START Input data

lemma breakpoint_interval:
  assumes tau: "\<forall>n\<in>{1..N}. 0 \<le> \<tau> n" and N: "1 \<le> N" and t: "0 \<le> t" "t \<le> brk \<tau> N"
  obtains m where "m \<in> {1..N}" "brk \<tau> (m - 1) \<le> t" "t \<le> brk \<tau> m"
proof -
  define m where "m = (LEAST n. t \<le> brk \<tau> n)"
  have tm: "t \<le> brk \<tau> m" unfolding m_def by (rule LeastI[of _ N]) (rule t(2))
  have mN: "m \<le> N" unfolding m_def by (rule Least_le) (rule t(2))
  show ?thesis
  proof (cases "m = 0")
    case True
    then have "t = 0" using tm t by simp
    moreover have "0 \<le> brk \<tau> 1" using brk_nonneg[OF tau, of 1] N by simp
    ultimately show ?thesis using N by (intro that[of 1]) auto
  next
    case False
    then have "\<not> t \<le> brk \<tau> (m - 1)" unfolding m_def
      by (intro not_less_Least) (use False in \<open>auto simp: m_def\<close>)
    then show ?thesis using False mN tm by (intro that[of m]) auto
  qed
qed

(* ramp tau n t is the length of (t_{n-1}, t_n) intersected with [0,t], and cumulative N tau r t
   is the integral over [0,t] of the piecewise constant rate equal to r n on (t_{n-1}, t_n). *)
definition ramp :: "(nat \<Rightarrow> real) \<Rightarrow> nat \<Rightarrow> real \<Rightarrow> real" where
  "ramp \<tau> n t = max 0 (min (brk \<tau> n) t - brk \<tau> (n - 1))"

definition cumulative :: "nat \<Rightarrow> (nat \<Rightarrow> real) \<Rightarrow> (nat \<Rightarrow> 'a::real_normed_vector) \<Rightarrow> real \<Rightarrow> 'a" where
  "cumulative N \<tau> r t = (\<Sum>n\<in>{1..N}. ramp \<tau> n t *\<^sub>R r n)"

END Input data
START Input data

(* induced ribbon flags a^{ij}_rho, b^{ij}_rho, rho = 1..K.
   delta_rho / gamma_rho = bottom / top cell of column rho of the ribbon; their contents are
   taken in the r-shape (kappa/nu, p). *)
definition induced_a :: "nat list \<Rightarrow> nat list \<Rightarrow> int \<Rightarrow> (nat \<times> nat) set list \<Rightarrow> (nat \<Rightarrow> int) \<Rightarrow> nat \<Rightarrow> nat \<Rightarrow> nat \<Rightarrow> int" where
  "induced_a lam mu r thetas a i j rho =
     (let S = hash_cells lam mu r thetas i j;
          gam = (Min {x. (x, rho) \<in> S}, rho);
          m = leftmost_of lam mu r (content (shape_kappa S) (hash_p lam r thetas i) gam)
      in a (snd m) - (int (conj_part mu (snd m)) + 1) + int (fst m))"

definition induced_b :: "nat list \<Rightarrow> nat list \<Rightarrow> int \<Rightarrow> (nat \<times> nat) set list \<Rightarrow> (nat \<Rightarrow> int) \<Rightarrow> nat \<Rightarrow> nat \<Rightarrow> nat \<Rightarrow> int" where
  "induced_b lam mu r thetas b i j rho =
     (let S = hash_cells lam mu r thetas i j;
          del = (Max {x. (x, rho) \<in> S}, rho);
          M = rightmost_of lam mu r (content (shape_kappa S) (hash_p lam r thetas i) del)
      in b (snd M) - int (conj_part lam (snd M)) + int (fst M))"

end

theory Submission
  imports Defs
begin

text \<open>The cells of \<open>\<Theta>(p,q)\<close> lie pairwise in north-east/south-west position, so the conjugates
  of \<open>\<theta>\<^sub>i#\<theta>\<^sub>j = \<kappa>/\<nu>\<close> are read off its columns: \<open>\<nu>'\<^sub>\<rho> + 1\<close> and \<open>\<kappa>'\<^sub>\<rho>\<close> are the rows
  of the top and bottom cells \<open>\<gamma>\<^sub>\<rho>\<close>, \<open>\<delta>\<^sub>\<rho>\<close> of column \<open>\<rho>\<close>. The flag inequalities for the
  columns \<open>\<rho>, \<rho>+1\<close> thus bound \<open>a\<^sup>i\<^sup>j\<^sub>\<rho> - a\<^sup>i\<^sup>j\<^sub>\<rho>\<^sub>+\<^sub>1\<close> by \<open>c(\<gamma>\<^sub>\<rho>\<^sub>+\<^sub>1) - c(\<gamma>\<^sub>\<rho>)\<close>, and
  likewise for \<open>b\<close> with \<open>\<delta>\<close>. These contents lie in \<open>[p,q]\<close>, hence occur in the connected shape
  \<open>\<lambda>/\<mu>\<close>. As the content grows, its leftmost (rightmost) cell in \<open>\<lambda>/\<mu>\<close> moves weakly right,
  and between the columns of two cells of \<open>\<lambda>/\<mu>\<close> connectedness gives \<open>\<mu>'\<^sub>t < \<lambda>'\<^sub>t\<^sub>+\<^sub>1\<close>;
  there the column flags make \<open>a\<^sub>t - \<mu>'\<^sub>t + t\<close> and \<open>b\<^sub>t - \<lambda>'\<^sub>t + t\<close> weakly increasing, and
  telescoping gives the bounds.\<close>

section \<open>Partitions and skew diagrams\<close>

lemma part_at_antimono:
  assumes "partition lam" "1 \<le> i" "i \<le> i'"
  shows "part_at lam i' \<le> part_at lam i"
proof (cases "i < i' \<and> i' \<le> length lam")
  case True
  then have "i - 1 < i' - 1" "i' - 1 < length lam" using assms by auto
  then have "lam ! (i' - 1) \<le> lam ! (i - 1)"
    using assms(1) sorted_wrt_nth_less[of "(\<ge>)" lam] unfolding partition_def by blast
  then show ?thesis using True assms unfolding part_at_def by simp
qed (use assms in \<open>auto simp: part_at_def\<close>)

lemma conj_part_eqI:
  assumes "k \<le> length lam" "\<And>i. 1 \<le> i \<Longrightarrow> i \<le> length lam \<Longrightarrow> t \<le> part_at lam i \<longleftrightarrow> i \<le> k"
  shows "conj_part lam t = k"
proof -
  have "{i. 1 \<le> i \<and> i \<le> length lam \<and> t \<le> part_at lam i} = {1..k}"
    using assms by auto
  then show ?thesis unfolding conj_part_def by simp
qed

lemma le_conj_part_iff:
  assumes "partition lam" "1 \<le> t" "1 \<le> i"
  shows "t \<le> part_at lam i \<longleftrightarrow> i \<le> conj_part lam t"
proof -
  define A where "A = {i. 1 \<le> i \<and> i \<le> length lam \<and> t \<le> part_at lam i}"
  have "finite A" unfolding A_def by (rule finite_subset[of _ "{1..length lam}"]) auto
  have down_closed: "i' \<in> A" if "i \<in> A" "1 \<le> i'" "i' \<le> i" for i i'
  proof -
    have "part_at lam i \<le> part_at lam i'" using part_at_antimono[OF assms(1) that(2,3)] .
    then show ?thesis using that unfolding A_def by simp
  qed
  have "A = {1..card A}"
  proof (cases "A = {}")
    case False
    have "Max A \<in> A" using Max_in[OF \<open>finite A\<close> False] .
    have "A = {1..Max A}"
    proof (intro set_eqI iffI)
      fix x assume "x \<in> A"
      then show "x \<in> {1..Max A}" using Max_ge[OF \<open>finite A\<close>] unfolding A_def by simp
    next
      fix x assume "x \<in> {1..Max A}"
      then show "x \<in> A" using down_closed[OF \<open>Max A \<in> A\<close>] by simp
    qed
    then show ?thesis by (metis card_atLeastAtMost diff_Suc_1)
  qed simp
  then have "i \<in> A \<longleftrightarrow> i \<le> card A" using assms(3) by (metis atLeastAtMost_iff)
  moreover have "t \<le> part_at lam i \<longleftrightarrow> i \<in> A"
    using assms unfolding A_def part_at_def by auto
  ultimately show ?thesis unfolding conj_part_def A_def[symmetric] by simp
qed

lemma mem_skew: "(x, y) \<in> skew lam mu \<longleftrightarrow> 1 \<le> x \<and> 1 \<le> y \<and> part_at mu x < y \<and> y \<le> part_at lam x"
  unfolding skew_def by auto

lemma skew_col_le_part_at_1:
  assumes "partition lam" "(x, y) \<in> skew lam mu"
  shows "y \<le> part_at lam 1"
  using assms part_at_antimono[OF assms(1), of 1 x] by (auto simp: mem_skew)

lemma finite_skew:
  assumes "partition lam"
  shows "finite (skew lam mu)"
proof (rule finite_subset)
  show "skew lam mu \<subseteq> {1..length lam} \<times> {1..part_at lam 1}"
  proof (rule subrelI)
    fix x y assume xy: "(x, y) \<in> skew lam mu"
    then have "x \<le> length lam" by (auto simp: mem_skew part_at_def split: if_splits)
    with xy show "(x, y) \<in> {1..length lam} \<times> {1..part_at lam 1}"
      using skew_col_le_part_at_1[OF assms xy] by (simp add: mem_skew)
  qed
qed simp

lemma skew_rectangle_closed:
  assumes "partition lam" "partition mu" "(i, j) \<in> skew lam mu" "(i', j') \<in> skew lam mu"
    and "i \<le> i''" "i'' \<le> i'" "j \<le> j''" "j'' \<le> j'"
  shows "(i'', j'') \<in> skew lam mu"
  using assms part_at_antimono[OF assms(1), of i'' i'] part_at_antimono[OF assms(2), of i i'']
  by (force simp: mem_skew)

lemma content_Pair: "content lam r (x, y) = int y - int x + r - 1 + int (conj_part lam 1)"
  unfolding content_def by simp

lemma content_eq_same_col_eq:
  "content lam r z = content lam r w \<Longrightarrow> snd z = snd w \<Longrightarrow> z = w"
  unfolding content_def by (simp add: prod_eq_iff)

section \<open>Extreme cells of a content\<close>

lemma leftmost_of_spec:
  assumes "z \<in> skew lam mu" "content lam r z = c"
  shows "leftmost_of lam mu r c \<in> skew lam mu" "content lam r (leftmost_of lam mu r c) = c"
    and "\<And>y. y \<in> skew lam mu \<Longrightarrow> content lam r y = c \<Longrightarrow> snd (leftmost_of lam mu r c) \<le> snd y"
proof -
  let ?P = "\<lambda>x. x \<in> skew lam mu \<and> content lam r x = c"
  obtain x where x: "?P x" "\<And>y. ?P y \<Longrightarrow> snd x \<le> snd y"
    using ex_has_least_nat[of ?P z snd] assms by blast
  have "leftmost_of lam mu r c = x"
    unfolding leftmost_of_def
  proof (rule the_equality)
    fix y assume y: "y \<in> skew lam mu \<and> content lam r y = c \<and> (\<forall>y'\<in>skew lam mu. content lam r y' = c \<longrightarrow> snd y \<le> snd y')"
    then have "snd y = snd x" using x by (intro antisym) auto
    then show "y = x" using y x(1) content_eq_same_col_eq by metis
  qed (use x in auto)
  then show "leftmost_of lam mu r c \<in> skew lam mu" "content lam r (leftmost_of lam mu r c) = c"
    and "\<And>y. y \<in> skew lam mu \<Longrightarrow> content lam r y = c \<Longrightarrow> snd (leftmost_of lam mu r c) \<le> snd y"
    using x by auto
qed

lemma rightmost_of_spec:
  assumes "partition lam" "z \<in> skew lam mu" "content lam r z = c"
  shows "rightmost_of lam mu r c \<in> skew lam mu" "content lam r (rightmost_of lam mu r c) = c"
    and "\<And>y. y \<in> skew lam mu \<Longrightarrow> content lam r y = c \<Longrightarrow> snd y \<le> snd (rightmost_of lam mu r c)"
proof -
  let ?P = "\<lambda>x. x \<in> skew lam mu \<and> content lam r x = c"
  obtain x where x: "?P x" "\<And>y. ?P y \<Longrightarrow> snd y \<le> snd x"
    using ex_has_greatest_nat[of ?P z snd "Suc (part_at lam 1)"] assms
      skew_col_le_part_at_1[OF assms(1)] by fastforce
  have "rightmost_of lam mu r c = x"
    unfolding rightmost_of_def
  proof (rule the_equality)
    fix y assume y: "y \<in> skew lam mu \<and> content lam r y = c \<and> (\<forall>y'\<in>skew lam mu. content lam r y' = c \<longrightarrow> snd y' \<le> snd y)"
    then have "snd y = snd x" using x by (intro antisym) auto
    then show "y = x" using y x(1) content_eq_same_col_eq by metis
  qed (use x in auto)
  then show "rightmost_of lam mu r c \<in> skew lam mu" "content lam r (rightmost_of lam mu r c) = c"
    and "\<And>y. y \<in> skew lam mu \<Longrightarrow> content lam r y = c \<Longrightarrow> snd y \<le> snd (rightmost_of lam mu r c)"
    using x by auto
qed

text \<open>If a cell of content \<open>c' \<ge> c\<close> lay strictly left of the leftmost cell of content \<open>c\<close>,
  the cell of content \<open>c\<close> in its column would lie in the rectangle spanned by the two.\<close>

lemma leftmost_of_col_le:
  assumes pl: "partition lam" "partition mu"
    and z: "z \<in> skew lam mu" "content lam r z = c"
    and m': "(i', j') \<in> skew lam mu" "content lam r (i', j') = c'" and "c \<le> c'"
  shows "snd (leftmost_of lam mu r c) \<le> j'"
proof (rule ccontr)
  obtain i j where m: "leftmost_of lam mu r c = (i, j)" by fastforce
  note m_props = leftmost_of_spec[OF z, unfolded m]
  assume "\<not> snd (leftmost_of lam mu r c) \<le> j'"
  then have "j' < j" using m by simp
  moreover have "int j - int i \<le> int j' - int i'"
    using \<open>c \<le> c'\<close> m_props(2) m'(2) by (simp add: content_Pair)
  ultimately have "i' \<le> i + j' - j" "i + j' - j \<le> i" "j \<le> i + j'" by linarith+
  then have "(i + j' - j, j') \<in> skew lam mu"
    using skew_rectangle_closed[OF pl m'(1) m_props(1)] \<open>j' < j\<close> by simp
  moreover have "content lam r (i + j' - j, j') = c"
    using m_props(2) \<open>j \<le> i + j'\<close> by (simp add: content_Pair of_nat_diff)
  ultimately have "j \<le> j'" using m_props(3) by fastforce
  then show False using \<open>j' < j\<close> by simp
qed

END Input data

▶ Task instructions
Of the lines above, retype only those from the line containing "with xy show" through the line containing "by (force simp: mem_skew)", including both, exactly.

▶ Result below
    with xy show "(x, y) \<in> {1..length lam} \<times> {1..part_at lam 1}"
      using skew_col_le_part_at_1[OF assms xy] by (simp add: mem_skew)
  qed
qed simp

lemma skew_rectangle_closed:
  assumes "partition lam" "partition mu" "(i, j) \<in> skew lam mu" "(i', j') \<in> skew lam mu"
    and "i \<le> i''" "i'' \<le> i'" "j \<le> j''" "j'' \<le> j'"
  shows "(i'', j'') \<in> skew lam mu"
  using assms part_at_antimono[OF assms(1), of i'' i'] part_at_antimono[OF assms(2), of i i'']
  by (force simp: mem_skew)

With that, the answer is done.